Step One: Start with writing down your roles.
To help guide our long-term goals and even our daily choices, we need to put down in ink what roles are most important to us.
Writing down our roles keeps them in our awareness and helps us pay attention to all the important dimensions of our life. As you do your weekly planning, you’ll find that you don’t necessarily have to set a goal in every role every week. Some weeks may require a focus on only a couple of roles in order to achieve what you want.
Each role must be seen as a stewardship. You have been entrusted in life to fulfill each of these roles. They are your roles. You’ve chosen them. You also choose the goals for each role. Remember, it is YOUR choice.
Step Two: Prioritize your roles.
Look at your list and start prioritizing your roles in order of most important to least important.
You might be looking at your list of roles and thinking, “Boy! I’ve got a lot of roles to prioritize!” Being involved in lots of people’s lives is a good thing, but too much of even a good thing can lead to burnout. Are there some roles that are causing you a lot of unneeded stress?
Perhaps you’ve taken on a few roles that don’t provide any fulfillment and take away time from the roles that are truly important to you. You might then consider pruning those “dead” roles away to strengthen your core responsibilities. This can be tough to do, especially if what you’re eliminating is a “good” thing. But you don’t want the good to become the enemy of the best.
Step Three: Determine your contribution in each role.
Try not to think of your roles in terms of “to-do” lists. Roles are never just about what you do but are ways through which you express who you are.
Would your actions align with your values? Write a statement for each role describing how you want to be in that role and the contribution you want to make.
List all the roles you play in your life. Then pick the very few where it doesn’t feel right to settle for ordinary. Especially in our relationship roles, we ought to feel some obligation to the other person to bring our best self. If you want to be a ho-hum spouse or parent, you might be missing the point of those relationships.
Step Four: Define success in each role.
While we are all given job descriptions for our professional roles, most people have never stopped to ask what kind of parent or friend or spouse they want to be.
What words do you associate with extraordinary in that role? The clearer you can paint that vision, the more likely you will accomplish it.
Remember that this isn’t extraordinary compared to other people; it’s compared to what you would default to, your ordinary mode—what I call “cruise control.” This is an extraordinary wholly defined by you.
There really is no generic definition of extraordinary in your roles. You choose.
Step 5: Schedule one action a week that gets you closer to who you want to be.
Before your week begins, sit down with your list of roles and pick one thing you could do that week to get closer to extraordinary. And here’s the key: put it on your calendar.
Ask yourself, “What one thing can I do this week in this role—that you’re not doing now—that if you did on a regular basis, would make a tremendous positive difference in this relationship?”

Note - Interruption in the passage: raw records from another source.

lemma fixed_commute:
  assumes "act f y w = y" shows "y # w \<approx> w @ [y]"
proof -
  have "y # w = [y] @ w" by simp
  also have "\<dots> \<approx> (w @ rev w @ [y]) @ w"
    by (simp add: same_act_def)
  also have "\<dots> = w @ (rev w @ y # w)"
    by simp
  also have "\<dots> \<approx> w @ [act f y w]"
    by (intro same_act_append same_act_refl same_act_sym[OF same_act_conjugate])
  finally show ?thesis using assms by simp
qed

lemma wpow_succ: "wpow w n @ w \<approx> wpow w (n + 1)"
proof (cases n rule: int_cases)
  case (nonneg k)
  then have "n + 1 = int (Suc k)"
    by simp
  with nonneg show ?thesis
    by (simp only: wpow_of_nat) (simp add: concat_replicate_snoc)
next
  case (neg k)
  then have "n = - int (Suc k)" "n + 1 = - int k"
    by simp_all
  then show ?thesis
    by (simp only: wpow_uminus wpow_of_nat)
       (simp add: same_act_def flip: concat_replicate_snoc)
qed

lemma act_wpow_succ: "act f (act f x (wpow w n)) w = act f x (wpow w (n + 1))"
  using same_actD[OF wpow_succ] by simp

lemma act_wpow_pred: "act f (act f x (wpow w n)) (rev w) = act f x (wpow w (n - 1))"
proof -
  have "act f x (wpow w n) = act f (act f x (wpow w (n - 1))) w"
    using act_wpow_succ[of x w "n - 1"] by simp
  then show ?thesis by simp
qed

lemma act_wpow_add [simp]:
  "act f (act f x (wpow w n)) (wpow w m) = act f x (wpow w (n + m))"
proof (induction m rule: int_induct[where k = 0])
  case (step1 m)
  have "act f (act f x (wpow w n)) (wpow w (m + 1))
      = act f (act f (act f x (wpow w n)) (wpow w m)) w"
    by (rule act_wpow_succ[symmetric])
  also have "\<dots> = act f x (wpow w (n + (m + 1)))"
    using step1.IH act_wpow_succ[of x w "n + m"] by (simp add: add.assoc)
  finally show ?case .
next
  case (step2 m)
  have "act f (act f x (wpow w n)) (wpow w (m - 1))
      = act f (act f (act f x (wpow w n)) (wpow w m)) (rev w)"
    by (rule act_wpow_pred[symmetric])
  also have "\<dots> = act f x (wpow w (n + (m - 1)))"
    using step2.IH act_wpow_pred[of x w "n + m"] by (simp add: add_diff_eq)
  finally show ?case .
qed simp

lemma wpow_add: "wpow w n @ wpow w m \<approx> wpow w (n + m)"
  by (simp add: same_act_def)

lemma same_act_wpow:
  assumes "u \<approx> v" shows "wpow u n \<approx> wpow v n"
proof -
  have rep: "concat (replicate k u') \<approx> concat (replicate k v')" if "u' \<approx> v'" for k u' v'
    using that by (induction k) (simp_all add: same_act_append)
  show ?thesis
    using rep[OF assms] rep[OF same_act_rev[OF assms]] by (simp add: wpow_def)
qed

lemma commute_wpow:
  assumes "s @ w \<approx> w @ s" shows "s @ wpow w n \<approx> wpow w n @ s"
proof -
  have rep: "s @ concat (replicate k u) \<approx> concat (replicate k u) @ s"
    if "s @ u \<approx> u @ s" for k u
  proof (induction k)
    case (Suc k)
    have "s @ concat (replicate (Suc k) u) = (s @ u) @ concat (replicate k u)"
      by simp
    also have "\<dots> \<approx> u @ (s @ concat (replicate k u))"
      using same_act_append[OF that same_act_refl] by simp
    also have "\<dots> \<approx> u @ (concat (replicate k u) @ s)"
      using same_act_append[OF same_act_refl Suc.IH] .
    finally show ?case by simp
  qed simp
  show ?thesis
    using rep[OF assms] rep[OF same_act_commute_rev[OF assms]] by (simp add: wpow_def)
qed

These actions don’t have to be complicated:
- “I’m going to compliment my spouse every day.”
- “I’m going to read with my child after dinner.”
- “I’m going to take my team members out for lunch.”
You can see why you have to limit the number of important roles—five new actions in a week is a lot on top of what you already have going on. If your list feels overwhelming or you have an especially busy week coming up, you can scale back in a couple ways:
Simplify each action: text a friend or buy concert tickets for next month—five-minute commitments that still make an impact.
Focus on fewer roles that week: perhaps you choose an activity just for leader and spouse.
The power of going small.
Don’t underestimate the power of these small, deliberate actions. Even if you only do something every other week, you’re closer to extraordinary than you would be in default mode.
Don’t get discouraged. Life is a journey—of course we’re going to stumble and get off track. That’s okay! Pick yourself up and get back on your path towards extraordinary.
You can live your life on cruise control, responding and reacting to whatever comes your way. Or you can reach for extraordinary where it counts most.